Does /log/site-error.log exist and is it writable by Caddy?

It does indeed exist and should have appropriate permissions:

drwxrwxr-x 4.0K Jan  5 19:45 ./
drwx------ 4.0K Jan  5 19:40 ../
-rw-rw-r-- 4.4K Jan  5 19:51 site-access.log
-rw-rw-r--    0 Jan  5 19:45 site-error.log
-rw-rw-r--    0 Jan  5 19:45 site-forbidden.log

I’m rather perplexed by this behavior. Any suggestions?

And the ownership of site-error.log is identical to site-access.log?

I don’t think it should be a cause of issue, but what about ownership of ./?

Maybe try with a simplified Caddyfile - put up a test site at localhost with errors /log/site-error-test.log, make some bad requests to it, and see what it puts out.

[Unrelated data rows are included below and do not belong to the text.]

lemma det_gram_mat_orthogonal_last:
  fixes v :: "nat \<Rightarrow> 'a::real_inner"
  assumes "\<And>a. a < k \<Longrightarrow> u \<bullet> v a = 0"
  shows "Determinant.det (gram_mat (Suc k) (v(k := u))) = (u \<bullet> u) * Determinant.det (gram_mat k v)"
proof -
  let ?G = "gram_mat (Suc k) (v(k := u))"
  have G: "?G \<in> carrier_mat (Suc k) (Suc k)" by (simp add: gram_mat_def)
  have "Determinant.det ?G = (\<Sum>b<Suc k. ?G $$ (k,b) * cofactor ?G k b)"
    by (rule laplace_expansion_row[OF G]) simp
  also have "\<dots> = (\<Sum>b<Suc k. if b = k then (u \<bullet> u) * cofactor ?G k k else 0)"
    using assms by (intro sum.cong) (auto simp: gram_mat_def)
  also have "mat_delete ?G k k = gram_mat k v"
    by (rule eq_matI) (auto simp: mat_delete_def gram_mat_def)
  ultimately show ?thesis by (simp add: cofactor_def)
qed

lemma in_span_image_obtain_coeffs:
  assumes "y \<in> span (f ` A)" and "finite A"
  obtains c where "y = (\<Sum>a\<in>A. c a *\<^sub>R f a)"
proof -
  from assms have "\<exists>c. y = (\<Sum>a\<in>A. c a *\<^sub>R f a)"
  proof (induction rule: span_induct_alt)
    case base
    show ?case by (rule exI[of _ "\<lambda>_. 0"]) simp
  next
    case (step d x y)
    then obtain a0 c where a0: "a0 \<in> A" "x = f a0" and y: "y = (\<Sum>a\<in>A. c a *\<^sub>R f a)" by auto
    show ?case
      using \<open>finite A\<close> a0 y
      by (intro exI[of _ "\<lambda>a. c a + (if a = a0 then d else 0)"])
        (simp add: scaleR_add_left sum.distrib if_distrib[of "\<lambda>t. t *\<^sub>R _"] cong: if_cong)
  qed
  thus ?thesis using that by blast
qed

text \<open>Gram-Schmidt: the last vector splits into a part in the span of the others, which a shear
  removes without changing the determinant, and a nonzero orthogonal part.\<close>

lemma det_gram_mat_pos:
  fixes v :: "nat \<Rightarrow> 'a::euclidean_space"
  assumes "lin_independent_family k v"
  shows "Determinant.det (gram_mat k v) > 0"
  using assms
proof (induction k arbitrary: v)
  case 0
  show ?case by (simp add: gram_mat_def)
next
  case (Suc k)
  obtain y u where y: "y \<in> span (v ` {..<k})"
    and u: "\<And>w. w \<in> span (v ` {..<k}) \<Longrightarrow> Linear_Algebra.orthogonal u w" and vk: "v k = y + u"
    by (rule orthogonal_subspace_decomp_exists[where S = "v ` {..<k}" and x = "v k"]) blast
  obtain c where c: "y = (\<Sum>a<k. c a *\<^sub>R v a)"
    using in_span_image_obtain_coeffs[OF y] by blast
  have u_orth: "u \<bullet> v a = 0" if "a < k" for a
    using u[of "v a"] that by (auto simp: Linear_Algebra.orthogonal_def span_base)
  have "u \<noteq> 0"
  proof
    assume "u = 0"
    define z where "z a = (if a = k then 1 else - c a)" for a
    have "(\<Sum>a<Suc k. z a *\<^sub>R v a) = v k - (\<Sum>a<k. c a *\<^sub>R v a)"
      by (simp add: z_def sum_negf)
    also have "\<dots> = 0" using vk c \<open>u = 0\<close> by simp
    finally have "z k = 0" using Suc.prems unfolding lin_independent_family_def by blast
    thus False by (simp add: z_def)
  qed
  have "Determinant.det (gram_mat (Suc k) v) = (u \<bullet> u) * Determinant.det (gram_mat k v)"
    using vk c by (simp add: det_gram_mat_shear[of v k u c] det_gram_mat_orthogonal_last u_orth)
  moreover have "Determinant.det (gram_mat k v) > 0"
    using Suc.IH lin_independent_family_Suc_imp Suc.prems by blast
  ultimately show ?case using \<open>u \<noteq> 0\<close> by simp
qed

lemma sum_atLeastAtMost_1_Suc_shift:
  fixes f :: "nat \<Rightarrow> 'b::comm_monoid_add"
  shows "(\<Sum>s\<in>{1..j+1}. f s) = f 1 + (\<Sum>a<j. f (a+2))"
  by (induction j) (simp_all add: atLeastAtMostSuc_conv add_ac)

lemma affine_independent_imp_lin_independent_edges:
  fixes x :: "nat \<Rightarrow> 'a::euclidean_space"
  assumes inj: "inj_on x {1..j+1}" and indep: "\<not> affine_dependent (x ` {1..j+1})"
  shows "lin_independent_family j (\<lambda>a. x (a+2) - x 1)"
  unfolding lin_independent_family_def
proof (intro allI impI, rule ccontr)
  let ?I = "{1..j+1}"
  fix z a0
  assume z: "(\<Sum>a<j. z a *\<^sub>R (x (a+2) - x 1)) = 0" and a0: "a0 < j" "z a0 \<noteq> 0"
  \<comment> \<open>the affine dependence with weight - sum z at x 1 and z a at x (a+2)\<close>
  define g where "g s = (if s = 1 then - (\<Sum>a<j. z a) else z (s - 2))" for s
  define U where "U w = g (inv_into ?I x w)" for w
  have U: "s \<in> ?I \<Longrightarrow> U (x s) = g s" for s unfolding U_def using inj by simp
  have "sum U (x ` ?I) = (\<Sum>s\<in>?I. g s)"
    using inj U by (simp add: sum.reindex)
  also have "\<dots> = 0" unfolding sum_atLeastAtMost_1_Suc_shift by (simp add: g_def)
  finally have weights: "sum U (x ` ?I) = 0" .
  have "(\<Sum>w\<in>x ` ?I. U w *\<^sub>R w) = (\<Sum>s\<in>?I. g s *\<^sub>R x s)"
    using inj U by (simp add: sum.reindex)
  also have "\<dots> = (\<Sum>a<j. z a *\<^sub>R (x (a+2) - x 1))"
    unfolding sum_atLeastAtMost_1_Suc_shift
    by (simp add: g_def scaleR_diff_right sum_subtractf scaleR_sum_left)
  finally have combination: "(\<Sum>w\<in>x ` ?I. U w *\<^sub>R w) = 0" using z by simp
  have "\<exists>w\<in>x ` ?I. U w \<noteq> 0"
    using a0 U[of "a0+2"] by (intro bexI[of _ "x (a0+2)"]) (auto simp: g_def)
  hence "affine_dependent (x ` ?I)"
    using weights combination by (subst affine_dependent_explicit_finite) auto
  with indep show False by simp
qed

subsection \<open>The Cayley-Menger determinant\<close>

lemma cm_matrix_carrier: "cm_matrix j x \<in> carrier_mat (j+2) (j+2)"
  unfolding cm_matrix_def by auto

lemma index_cm_matrix:
  "r < j+2 \<Longrightarrow> c < j+2 \<Longrightarrow> cm_matrix j x $$ (r,c) =
    (if r = c then 0 else if r = 0 \<or> c = 0 then 1 else (dist (x r) (x c))\<^sup>2)"
  unfolding cm_matrix_def by auto

lemma transpose_cm_matrix: "transpose_mat (cm_matrix j x) = cm_matrix j x"
  by (rule eq_matI) (auto simp: cm_matrix_def dist_commute)

text \<open>The congruence cm_matrix = L * B' * L^T: with v r = x r - x 1, row r \<ge> 2 of L is
  e r + (v r \<bullet> v r) e 0 + e 1, and B' is [[0,1],[1,0]] \<oplus> (-2) G.\<close>

definition cm_shear :: "nat \<Rightarrow> (nat \<Rightarrow> 'a::real_inner) \<Rightarrow> real Matrix.mat" where
  "cm_shear j x = Matrix.mat (j+2) (j+2) (\<lambda>(r,a).
     if a = r then 1 else if 2 \<le> r \<and> a = 0 then (x r - x 1) \<bullet> (x r - x 1)
     else if 2 \<le> r \<and> a = 1 then 1 else 0)"
(* Let $k$ be a difference field of characteristic $0$ and $R=k\{y_1,\ldots,y_n\}$. Every radical well-mixed monomial $\sigma$-ideal $I$ of $R$ is generated by finitely many monomials as a radical well-mixed $\sigma$-ideal, i.e. $I=\langle F\rangle_r$ for some finite set $F$ of monomials.
   Context: A difference field is a field $k$ with a ring endomorphism $\sigma$; $R=k\{y_1,\ldots,y_n\}$ is the polynomial ring over $k$ in the variables $\sigma^j(y_i)$, with $\sigma$ extended naturally. For $p=\sum_ic_ix^i\in\mathbb{N}[x]$ and $a\in R$, $a^p=\prod_i(\sigma^i(a))^{c_i}$; monomials are $\mathbf{y}^{\mathbf{u}}=y_1^{u_1}\cdots y_n^{u_n}$ with $\mathbf{u}\in\mathbb{N}[x]^n$. A $\sigma$-ideal is an ideal stable under $\sigma$; monomial if generated by monomials; well-mixed if $ab\in I\Rightarrow a\sigma(b)\in I$. $\langle F\rangle_r$ is the smallest radical well-mixed $\sigma$-ideal containing $F$. *)

theory Defs
  imports Main "HOL-Library.Poly_Mapping"
begin

text \<open>Variables of the difference polynomial ring k{y_v : v in 'v}: the pair (v, j) stands
 for sigma^j(y_v).\<close>

type_synonym 'v dmon = "('v \<times> nat) \<Rightarrow>\<^sub>0 nat"
type_synonym ('v, 'a) dpoly = "'v dmon \<Rightarrow>\<^sub>0 'a"

definition difference_field :: "('a::field \<Rightarrow> 'a) \<Rightarrow> bool" where
  "difference_field \<sigma> \<longleftrightarrow> (\<forall>a b. \<sigma> (a + b) = \<sigma> a + \<sigma> b) \<and> (\<forall>a b. \<sigma> (a * b) = \<sigma> a * \<sigma> b)
      \<and> \<sigma> 1 = 1"

definition shift_mon :: "'v dmon \<Rightarrow> 'v dmon" where
  "shift_mon m = (\<Sum>x\<in>Poly_Mapping.keys m. Poly_Mapping.single (fst x, Suc (snd x)) (Poly_Mapping.lookup m x))"

definition sigma_ext :: "('a::field \<Rightarrow> 'a) \<Rightarrow> ('v, 'a) dpoly \<Rightarrow> ('v, 'a) dpoly" where
  "sigma_ext \<sigma> p = (\<Sum>m\<in>Poly_Mapping.keys p. Poly_Mapping.single (shift_mon m) (\<sigma> (Poly_Mapping.lookup p m)))"

definition is_ideal :: "'r::comm_ring_1 set \<Rightarrow> bool" where
  "is_ideal I \<longleftrightarrow> 0 \<in> I \<and> (\<forall>a\<in>I. \<forall>b\<in>I. a + b \<in> I) \<and> (\<forall>a\<in>I. \<forall>r. r * a \<in> I)"

definition ideal_gen :: "'r::comm_ring_1 set \<Rightarrow> 'r set" where
  "ideal_gen S = \<Inter>{J. is_ideal J \<and> S \<subseteq> J}"

definition is_radical :: "'r::comm_ring_1 set \<Rightarrow> bool" where
  "is_radical I \<longleftrightarrow> (\<forall>a (n::nat). a ^ n \<in> I \<longrightarrow> a \<in> I)"

definition is_sigma_ideal :: "('a::field \<Rightarrow> 'a) \<Rightarrow> ('v, 'a) dpoly set \<Rightarrow> bool" where
  "is_sigma_ideal \<sigma> I \<longleftrightarrow> is_ideal I \<and> (\<forall>a\<in>I. sigma_ext \<sigma> a \<in> I)"

definition is_well_mixed :: "('a::field \<Rightarrow> 'a) \<Rightarrow> ('v, 'a) dpoly set \<Rightarrow> bool" where
  "is_well_mixed \<sigma> I \<longleftrightarrow> (\<forall>a b. a * b \<in> I \<longrightarrow> a * sigma_ext \<sigma> b \<in> I)"

definition is_rwm_sigma_ideal :: "('a::field \<Rightarrow> 'a) \<Rightarrow> ('v, 'a) dpoly set \<Rightarrow> bool" where
  "is_rwm_sigma_ideal \<sigma> I \<longleftrightarrow> is_sigma_ideal \<sigma> I \<and> is_radical I \<and> is_well_mixed \<sigma> I"

definition dmonomials :: "('v, 'a::field) dpoly set" where
  "dmonomials = {Poly_Mapping.single m 1 | m. True}"

definition is_monomial_ideal :: "('v, 'a::field) dpoly set \<Rightarrow> bool" where
  "is_monomial_ideal I \<longleftrightarrow> (\<exists>S \<subseteq> dmonomials. I = ideal_gen S)"

definition rwm_gen :: "('a::field \<Rightarrow> 'a) \<Rightarrow> ('v, 'a) dpoly set \<Rightarrow> ('v, 'a) dpoly set" where
  "rwm_gen \<sigma> F = \<Inter>{J. is_rwm_sigma_ideal \<sigma> J \<and> F \<subseteq> J}"

end

theory Submission
  imports Defs
begin

text \<open>
  In a radical well-mixed ideal \<open>J\<close> (with \<open>\<sigma> 1 = 1\<close>) membership of a monomial depends only on
  which variables \<open>\<sigma>\<^sup>j(y\<^sub>v)\<close> occur in it, and monotonically in their orders \<open>j\<close>:
  well-mixedness, applied to \<open>a b \<in> J\<close> with \<open>b = \<sigma>\<^sup>j(y\<^sub>v)\<^sup>e\<close>, raises the order of any variable of a
  monomial in \<open>J\<close>, and radicality lets one change exponents freely, since \<open>y\<^sup>p\<close> divides a power
  of \<open>y\<^sup>q\<close> whenever the support of \<open>p\<close> lies in that of \<open>q\<close>. So \<open>J\<close> contains every monomial
  dominating one of its monomials. Recording, for each \<open>y\<^sub>v\<close>, one plus the highest order with
  which it occurs maps monomials into \<open>\<nat>\<^sup>n\<close> so that the pointwise order implies domination;
  Dickson's lemma then gives finitely many monomials of \<open>I\<close> dominating all others, and these
  generate \<open>I\<close> as a radical well-mixed \<open>\<sigma>\<close>-ideal.
\<close>

lemma shift_mon_single: "shift_mon (Poly_Mapping.single (v, j) e) = Poly_Mapping.single (v, Suc j) e"
  unfolding shift_mon_def by (cases "e = 0") simp_all

lemma sigma_ext_monomial:
  "\<sigma> 1 = 1 \<Longrightarrow> sigma_ext \<sigma> (Poly_Mapping.single m (1::'a::field)) = Poly_Mapping.single (shift_mon m) 1"
  unfolding sigma_ext_def by simp
(* Let $\breve f\colon\{0,\dots,n\}\to\mathbb{Q}$ and $\breve g\colon\{0,\dots,m\}\to\mathbb{Q}$ be convex and $\breve h$ their min-plus convolution. For every $\delta\ge 0$, the sets $P^-_\delta$ and $P^+_\delta$ are monotone paths.
   Context: Convex means $F(i)-F(i-1)\le F(i+1)-F(i)$ for all interior $i$. $\breve h(k)=\min_{i+j=k}\breve f(i)+\breve g(j)$ for $k\in\{0,\dots,n+m\}$. A point is a pair $(i,j)\in\{0,\dots,n\}\times\{0,\dots,m\}$; it lies on diagonal $i+j$. It is $\delta$-relevant if $\breve f(i)+\breve g(j)\le\breve h(i+j)+\delta$. $P^+_\delta$ is the set of points $(i,k-i)$, $k\in\{0,\dots,n+m\}$, where $i$ is maximal such that $(i,k-i)$ is a $\delta$-relevant point; $P^-_\delta$ is defined likewise with $i$ minimal. A set of points $P$ is a monotone path if for every $k\in\{0,\dots,n+m\}$ it contains exactly one point $(i_k,j_k)$ on diagonal $k$, and $(i_{k+1},j_{k+1})\in\{(i_k+1,j_k),(i_k,j_k+1)\}$ for all $k\in\{0,\dots,n+m-1\}$. *)

theory Defs
  imports Complex_Main
begin

definition convex_on_range :: "nat \<Rightarrow> (nat \<Rightarrow> rat) \<Rightarrow> bool" where
  "convex_on_range n F \<longleftrightarrow>
     (\<forall>i. 0 < i \<and> i < n \<longrightarrow> F i - F (i - 1) \<le> F (i + 1) - F i)"

definition points :: "nat \<Rightarrow> nat \<Rightarrow> (nat \<times> nat) set" where
  "points n m = {0..n} \<times> {0..m}"

definition minplus_conv :: "nat \<Rightarrow> nat \<Rightarrow> (nat \<Rightarrow> rat) \<Rightarrow> (nat \<Rightarrow> rat) \<Rightarrow> nat \<Rightarrow> rat" where
  "minplus_conv n m f g k = Min {f i + g j | i j. (i, j) \<in> points n m \<and> i + j = k}"

definition relevant :: "nat \<Rightarrow> nat \<Rightarrow> (nat \<Rightarrow> rat) \<Rightarrow> (nat \<Rightarrow> rat) \<Rightarrow> rat \<Rightarrow> nat \<times> nat \<Rightarrow> bool" where
  "relevant n m f g \<delta> p \<longleftrightarrow>
     p \<in> points n m \<and> f (fst p) + g (snd p) \<le> minplus_conv n m f g (fst p + snd p) + \<delta>"

definition P_plus :: "nat \<Rightarrow> nat \<Rightarrow> (nat \<Rightarrow> rat) \<Rightarrow> (nat \<Rightarrow> rat) \<Rightarrow> rat \<Rightarrow> (nat \<times> nat) set" where
  "P_plus n m f g \<delta> =
     {(i, k - i) | i k. k \<le> n + m \<and> i \<le> k \<and> relevant n m f g \<delta> (i, k - i) \<and>
        (\<forall>i'. i' \<le> k \<and> relevant n m f g \<delta> (i', k - i') \<longrightarrow> i' \<le> i)}"

definition P_minus :: "nat \<Rightarrow> nat \<Rightarrow> (nat \<Rightarrow> rat) \<Rightarrow> (nat \<Rightarrow> rat) \<Rightarrow> rat \<Rightarrow> (nat \<times> nat) set" where
  "P_minus n m f g \<delta> =
     {(i, k - i) | i k. k \<le> n + m \<and> i \<le> k \<and> relevant n m f g \<delta> (i, k - i) \<and>
        (\<forall>i'. i' \<le> k \<and> relevant n m f g \<delta> (i', k - i') \<longrightarrow> i \<le> i')}"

I tried this out myself… Caddy version 0.9.4 on Ubuntu 14.04

whitestrake at endymion in ~
→ printf ":2015\nerrors error.log\nlog access.log" | caddy -conf stdin &
[1] 3033 3034
Activating privacy features... done.
http://:2015

whitestrake at endymion in ~
→ l
total 4.0K
drwxrwxr-x 3 whitestrake whitestrake 4.0K Jul 25 00:56 ~
-rw-r--r-- 1 whitestrake whitestrake    0 Jan  6 04:10 access.log
-rw-r--r-- 1 whitestrake whitestrake    0 Jan  6 04:10 error.log

whitestrake at endymion in ~
→ curl localhost:2015/badrequest
404 Not Found

whitestrake at endymion in ~
→ l
total 8.0K
drwxrwxr-x 3 whitestrake whitestrake 4.0K Jul 25 00:56 ~
-rw-r--r-- 1 whitestrake whitestrake   70 Jan  6 04:12 access.log
-rw-r--r-- 1 whitestrake whitestrake    0 Jan  6 04:12 error.log

Seems like Caddy is not logging 404s to error.log. However it did log a 502:

whitestrake at endymion in ~
→ printf ":2015\nerrors error.log\nlog access.log\nproxy / badproxy:9999" | caddy -conf stdin &
[1] 3204 3205
Activating privacy features... done.
http://:2015

whitestrake at endymion in ~
→ curl localhost:2015/stuff
502 Bad Gateway

whitestrake at endymion in ~
→ l
total 12K
drwxrwxr-x 3 whitestrake whitestrake 4.0K Jul 25 00:56 ~
-rw-r--r-- 1 whitestrake whitestrake  140 Jan  6 04:20 access.log
-rw-r--r-- 1 whitestrake whitestrake  103 Jan  6 04:20 error.log

whitestrake at endymion in ~
→ cat error.log
06/Jan/2017:04:20:02 +0000 [ERROR 502 /stuff] dial tcp: lookup badproxy on 172.31.0.2:53: no such host

The error log won’t log 404s because those are bad requests, not errors in the server. If you look in the access log, the 404 will (should!) be there.

That’s exactly what I thought further up this thread, but the docs specify >=400. Shall we update the docs to specify >=500 instead?

Incidentally, the access log is functioning as expected and includes the 4xx responses.

Oops. I can see why that’s confusing.

It’s actually more complicated than just status codes. Each HTTP handler (middleware) returns two values: a status code integer and an error value: httpserver package - github.com/mholt/caddy/caddyhttp/httpserver - pkg.go.dev - if an error value is returned the errors middleware logs it. It doesn’t actually care what the status code is. Generally, middleware should NOT return an error value unless it is a 5xx error, but I suppose in some cases there are 4xx errors where a server operator might want an error message in the log (other than just “Not found” or something like that – something more useful that doesn’t get shown publicly).

The log middleware (access log) just logs requests, but it actually shouldn’t care what the response code is. It should just log it anyway. Does the access log not have those in there?

1 Like

Don’t know about @justin, but I’m not seeing any issues with the access logs at all, it’s working fine. The errors log just doesn’t seem to mesh up with how it’s described in the errors directive documentation on caddyserver.com.

I’ll remember to update and clarify those docs with the new site then.

1 Like

This topic was automatically closed 90 days after the last reply. New replies are no longer allowed.